- **Dataset entries**:
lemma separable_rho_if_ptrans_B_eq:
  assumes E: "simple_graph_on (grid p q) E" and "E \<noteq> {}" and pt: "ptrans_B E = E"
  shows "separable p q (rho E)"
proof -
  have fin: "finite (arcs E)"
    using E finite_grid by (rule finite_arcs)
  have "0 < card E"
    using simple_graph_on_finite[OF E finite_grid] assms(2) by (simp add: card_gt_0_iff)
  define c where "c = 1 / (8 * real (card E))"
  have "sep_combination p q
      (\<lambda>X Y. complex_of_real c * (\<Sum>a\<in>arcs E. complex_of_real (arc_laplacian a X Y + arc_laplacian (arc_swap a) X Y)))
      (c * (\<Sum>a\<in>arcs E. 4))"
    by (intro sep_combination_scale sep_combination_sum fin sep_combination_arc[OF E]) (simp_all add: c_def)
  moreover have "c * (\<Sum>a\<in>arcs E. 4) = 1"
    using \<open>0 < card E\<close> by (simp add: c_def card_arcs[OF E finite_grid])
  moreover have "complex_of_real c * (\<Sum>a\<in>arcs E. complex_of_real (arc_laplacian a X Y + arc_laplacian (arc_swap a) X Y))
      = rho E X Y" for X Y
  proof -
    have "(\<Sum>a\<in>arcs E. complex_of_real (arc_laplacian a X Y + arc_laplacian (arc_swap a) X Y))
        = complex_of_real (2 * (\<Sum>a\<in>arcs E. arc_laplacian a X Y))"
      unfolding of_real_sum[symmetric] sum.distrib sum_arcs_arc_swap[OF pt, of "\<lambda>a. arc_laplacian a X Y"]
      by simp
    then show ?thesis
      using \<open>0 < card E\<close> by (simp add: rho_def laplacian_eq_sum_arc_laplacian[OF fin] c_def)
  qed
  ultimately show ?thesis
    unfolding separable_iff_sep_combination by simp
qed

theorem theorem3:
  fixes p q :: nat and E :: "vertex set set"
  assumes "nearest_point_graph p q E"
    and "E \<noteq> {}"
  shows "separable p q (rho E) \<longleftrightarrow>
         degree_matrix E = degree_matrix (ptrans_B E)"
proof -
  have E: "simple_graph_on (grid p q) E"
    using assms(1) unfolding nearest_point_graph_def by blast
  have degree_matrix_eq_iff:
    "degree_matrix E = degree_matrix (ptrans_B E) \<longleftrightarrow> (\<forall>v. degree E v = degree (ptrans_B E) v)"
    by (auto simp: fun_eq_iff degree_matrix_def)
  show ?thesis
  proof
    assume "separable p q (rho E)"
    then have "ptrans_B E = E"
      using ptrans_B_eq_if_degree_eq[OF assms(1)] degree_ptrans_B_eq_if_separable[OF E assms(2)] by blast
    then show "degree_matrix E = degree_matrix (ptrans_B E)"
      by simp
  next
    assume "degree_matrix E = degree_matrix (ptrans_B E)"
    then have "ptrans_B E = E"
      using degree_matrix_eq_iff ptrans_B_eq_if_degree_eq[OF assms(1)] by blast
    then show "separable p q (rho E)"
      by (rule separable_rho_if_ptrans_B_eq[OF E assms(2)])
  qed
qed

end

- **What the task asks**: Return all of the lines above exactly, with none omitted.

- **Task solution**:
lemma separable_rho_if_ptrans_B_eq:
  assumes E: "simple_graph_on (grid p q) E" and "E \<noteq> {}" and pt: "ptrans_B E = E"
  shows "separable p q (rho E)"
proof -
  have fin: "finite (arcs E)"
    using E finite_grid by (rule finite_arcs)
  have "0 < card E"
    using simple_graph_on_finite[OF E finite_grid] assms(2) by (simp add: card_gt_0_iff)
  define c where "c = 1 / (8 * real (card E))"
  have "sep_combination p q
      (\<lambda>X Y. complex_of_real c * (\<Sum>a\<in>arcs E. complex_of_real (arc_laplacian a X Y + arc_laplacian (arc_swap a) X Y)))
      (c * (\<Sum>a\<in>arcs E. 4))"
    by (intro sep_combination_scale sep_combination_sum fin sep_combination_arc[OF E]) (simp_all add: c_def)
  moreover have "c * (\<Sum>a\<in>arcs E. 4) = 1"
    using \<open>0 < card E\<close> by (simp add: c_def card_arcs[OF E finite_grid])
  moreover have "complex_of_real c * (\<Sum>a\<in>arcs E. complex_of_real (arc_laplacian a X Y + arc_laplacian (arc_swap a) X Y))
      = rho E X Y" for X Y
  proof -
    have "(\<Sum>a\<in>arcs E. complex_of_real (arc_laplacian a X Y + arc_laplacian (arc_swap a) X Y))
        = complex_of_real (2 * (\<Sum>a\<in>arcs E. arc_laplacian a X Y))"
      unfolding of_real_sum[symmetric] sum.distrib sum_arcs_arc_swap[OF pt, of "\<lambda>a. arc_laplacian a X Y"]
      by simp
    then show ?thesis
      using \<open>0 < card E\<close> by (simp add: rho_def laplacian_eq_sum_arc_laplacian[OF fin] c_def)
  qed
  ultimately show ?thesis
    unfolding separable_iff_sep_combination by simp
qed

theorem theorem3:
  fixes p q :: nat and E :: "vertex set set"
  assumes "nearest_point_graph p q E"
    and "E \<noteq> {}"
  shows "separable p q (rho E) \<longleftrightarrow>
         degree_matrix E = degree_matrix (ptrans_B E)"
proof -
  have E: "simple_graph_on (grid p q) E"
    using assms(1) unfolding nearest_point_graph_def by blast
  have degree_matrix_eq_iff:
    "degree_matrix E = degree_matrix (ptrans_B E) \<longleftrightarrow> (\<forall>v. degree E v = degree (ptrans_B E) v)"
    by (auto simp: fun_eq_iff degree_matrix_def)
  show ?thesis
  proof
    assume "separable p q (rho E)"
    then have "ptrans_B E = E"
      using ptrans_B_eq_if_degree_eq[OF assms(1)] degree_ptrans_B_eq_if_separable[OF E assms(2)] by blast
    then show "degree_matrix E = degree_matrix (ptrans_B E)"
      by simp
  next
    assume "degree_matrix E = degree_matrix (ptrans_B E)"
    then have "ptrans_B E = E"
      using degree_matrix_eq_iff ptrans_B_eq_if_degree_eq[OF assms(1)] by blast
    then show "separable p q (rho E)"
      by (rule separable_rho_if_ptrans_B_eq[OF E assms(2)])
  qed
qed

end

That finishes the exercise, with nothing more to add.